• _EXERCISE GOAL_:
Starting at the line below holding "is_arg_min (\<lambda>y. slpmm_L" and stopping at the line holding "z in Phi\<close>", print every line exactly, both ends included, and leave the rest out.
....
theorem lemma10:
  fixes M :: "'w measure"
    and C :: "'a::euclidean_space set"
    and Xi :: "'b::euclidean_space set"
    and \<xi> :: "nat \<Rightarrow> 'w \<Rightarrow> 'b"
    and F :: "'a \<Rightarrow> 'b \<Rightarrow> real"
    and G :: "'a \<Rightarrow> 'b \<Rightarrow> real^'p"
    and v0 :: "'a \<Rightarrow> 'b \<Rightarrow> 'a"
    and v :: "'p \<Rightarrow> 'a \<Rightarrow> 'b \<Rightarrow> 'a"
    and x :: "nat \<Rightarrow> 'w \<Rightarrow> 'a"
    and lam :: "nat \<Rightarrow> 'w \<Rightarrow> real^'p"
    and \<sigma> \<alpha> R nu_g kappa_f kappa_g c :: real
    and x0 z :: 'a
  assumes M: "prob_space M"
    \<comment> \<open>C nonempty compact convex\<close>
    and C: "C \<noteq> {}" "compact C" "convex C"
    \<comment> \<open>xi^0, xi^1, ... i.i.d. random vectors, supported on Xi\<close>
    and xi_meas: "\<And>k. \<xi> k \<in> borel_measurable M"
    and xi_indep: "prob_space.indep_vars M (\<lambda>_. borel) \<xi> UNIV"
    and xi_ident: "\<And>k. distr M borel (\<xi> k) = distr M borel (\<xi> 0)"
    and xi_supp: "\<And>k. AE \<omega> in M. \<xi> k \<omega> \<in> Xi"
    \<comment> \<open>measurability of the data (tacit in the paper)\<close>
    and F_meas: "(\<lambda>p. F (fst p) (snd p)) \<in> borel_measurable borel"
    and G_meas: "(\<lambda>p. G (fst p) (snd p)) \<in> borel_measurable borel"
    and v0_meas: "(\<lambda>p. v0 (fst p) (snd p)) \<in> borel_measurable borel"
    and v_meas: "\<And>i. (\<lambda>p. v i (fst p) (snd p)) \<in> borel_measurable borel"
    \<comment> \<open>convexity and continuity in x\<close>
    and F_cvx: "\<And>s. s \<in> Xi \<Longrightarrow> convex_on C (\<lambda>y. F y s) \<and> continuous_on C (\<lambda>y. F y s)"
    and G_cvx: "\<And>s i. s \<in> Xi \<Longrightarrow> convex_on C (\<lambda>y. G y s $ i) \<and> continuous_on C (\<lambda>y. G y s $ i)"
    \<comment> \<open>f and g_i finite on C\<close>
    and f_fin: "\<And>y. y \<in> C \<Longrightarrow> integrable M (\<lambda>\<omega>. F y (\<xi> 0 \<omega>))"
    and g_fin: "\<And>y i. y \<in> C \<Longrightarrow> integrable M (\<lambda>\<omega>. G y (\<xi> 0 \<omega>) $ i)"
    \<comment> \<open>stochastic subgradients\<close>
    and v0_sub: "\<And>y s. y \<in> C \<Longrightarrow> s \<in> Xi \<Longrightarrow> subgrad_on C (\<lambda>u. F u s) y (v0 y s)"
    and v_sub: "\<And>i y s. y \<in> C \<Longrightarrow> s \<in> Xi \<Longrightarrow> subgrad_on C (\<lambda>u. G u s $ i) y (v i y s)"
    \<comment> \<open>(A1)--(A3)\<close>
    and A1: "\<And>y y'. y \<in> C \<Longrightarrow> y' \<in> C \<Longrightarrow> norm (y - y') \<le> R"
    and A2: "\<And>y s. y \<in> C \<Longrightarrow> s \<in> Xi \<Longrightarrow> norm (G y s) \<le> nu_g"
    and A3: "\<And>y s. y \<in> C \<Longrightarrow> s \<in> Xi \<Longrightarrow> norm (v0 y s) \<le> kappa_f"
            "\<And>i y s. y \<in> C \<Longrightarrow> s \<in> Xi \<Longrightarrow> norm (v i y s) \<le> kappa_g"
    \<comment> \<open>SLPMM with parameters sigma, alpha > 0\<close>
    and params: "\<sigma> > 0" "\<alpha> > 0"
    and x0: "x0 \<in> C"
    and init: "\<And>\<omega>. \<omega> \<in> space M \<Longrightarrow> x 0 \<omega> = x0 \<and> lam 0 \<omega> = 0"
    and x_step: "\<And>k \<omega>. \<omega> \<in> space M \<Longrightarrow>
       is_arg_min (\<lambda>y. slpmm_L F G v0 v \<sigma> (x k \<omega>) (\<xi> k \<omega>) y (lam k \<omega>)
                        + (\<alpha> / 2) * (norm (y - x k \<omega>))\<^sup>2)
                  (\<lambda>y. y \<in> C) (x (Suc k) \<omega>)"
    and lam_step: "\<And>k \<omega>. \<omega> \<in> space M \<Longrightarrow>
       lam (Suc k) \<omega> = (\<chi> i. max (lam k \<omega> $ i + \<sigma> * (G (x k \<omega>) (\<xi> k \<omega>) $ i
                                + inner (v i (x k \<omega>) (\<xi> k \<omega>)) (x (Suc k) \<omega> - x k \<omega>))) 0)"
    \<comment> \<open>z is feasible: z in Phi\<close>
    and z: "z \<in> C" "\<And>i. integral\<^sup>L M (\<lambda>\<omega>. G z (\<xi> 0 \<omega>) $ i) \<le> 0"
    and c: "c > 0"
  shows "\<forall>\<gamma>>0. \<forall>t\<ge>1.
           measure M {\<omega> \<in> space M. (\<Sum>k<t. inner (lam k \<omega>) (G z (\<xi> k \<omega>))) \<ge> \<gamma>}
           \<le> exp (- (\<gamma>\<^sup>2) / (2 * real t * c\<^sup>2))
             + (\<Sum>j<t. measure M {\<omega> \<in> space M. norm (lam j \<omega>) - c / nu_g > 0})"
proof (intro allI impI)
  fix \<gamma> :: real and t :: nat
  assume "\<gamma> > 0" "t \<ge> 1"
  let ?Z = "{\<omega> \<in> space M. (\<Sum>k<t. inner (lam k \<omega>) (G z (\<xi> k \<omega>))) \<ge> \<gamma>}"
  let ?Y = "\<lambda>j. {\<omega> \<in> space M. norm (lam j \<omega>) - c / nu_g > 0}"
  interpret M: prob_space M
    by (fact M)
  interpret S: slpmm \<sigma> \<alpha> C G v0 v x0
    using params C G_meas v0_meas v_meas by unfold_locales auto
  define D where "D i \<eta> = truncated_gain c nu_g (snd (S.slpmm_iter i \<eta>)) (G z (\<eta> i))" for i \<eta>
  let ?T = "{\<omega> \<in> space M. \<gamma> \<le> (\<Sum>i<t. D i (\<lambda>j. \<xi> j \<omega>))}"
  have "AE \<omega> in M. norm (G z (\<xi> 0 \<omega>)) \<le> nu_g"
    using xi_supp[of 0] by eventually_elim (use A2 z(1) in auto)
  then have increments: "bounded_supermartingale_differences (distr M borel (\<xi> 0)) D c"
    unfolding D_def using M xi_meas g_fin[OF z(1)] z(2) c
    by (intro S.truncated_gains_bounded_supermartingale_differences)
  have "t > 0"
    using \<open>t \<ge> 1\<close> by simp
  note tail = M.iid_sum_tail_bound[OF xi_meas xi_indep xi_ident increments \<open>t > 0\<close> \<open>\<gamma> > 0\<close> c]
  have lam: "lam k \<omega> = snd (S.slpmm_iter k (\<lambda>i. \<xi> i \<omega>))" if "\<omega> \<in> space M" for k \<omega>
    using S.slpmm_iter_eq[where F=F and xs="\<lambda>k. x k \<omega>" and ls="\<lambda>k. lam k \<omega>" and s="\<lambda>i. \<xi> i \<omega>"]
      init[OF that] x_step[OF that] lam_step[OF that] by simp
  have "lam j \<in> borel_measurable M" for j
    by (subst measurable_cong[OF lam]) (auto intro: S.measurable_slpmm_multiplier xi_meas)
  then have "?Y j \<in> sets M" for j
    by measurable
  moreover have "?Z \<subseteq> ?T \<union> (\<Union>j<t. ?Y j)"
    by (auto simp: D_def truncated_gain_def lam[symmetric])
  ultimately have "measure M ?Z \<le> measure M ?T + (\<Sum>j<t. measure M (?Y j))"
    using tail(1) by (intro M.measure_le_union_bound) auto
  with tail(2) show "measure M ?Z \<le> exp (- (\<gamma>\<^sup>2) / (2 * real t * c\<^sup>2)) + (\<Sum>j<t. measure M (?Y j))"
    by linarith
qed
....
• _THE COMPLETED TASK_:
       is_arg_min (\<lambda>y. slpmm_L F G v0 v \<sigma> (x k \<omega>) (\<xi> k \<omega>) y (lam k \<omega>)
                        + (\<alpha> / 2) * (norm (y - x k \<omega>))\<^sup>2)
                  (\<lambda>y. y \<in> C) (x (Suc k) \<omega>)"
    and lam_step: "\<And>k \<omega>. \<omega> \<in> space M \<Longrightarrow>
       lam (Suc k) \<omega> = (\<chi> i. max (lam k \<omega> $ i + \<sigma> * (G (x k \<omega>) (\<xi> k \<omega>) $ i
                                + inner (v i (x k \<omega>) (\<xi> k \<omega>)) (x (Suc k) \<omega> - x k \<omega>))) 0)"
    \<comment> \<open>z is feasible: z in Phi\<close>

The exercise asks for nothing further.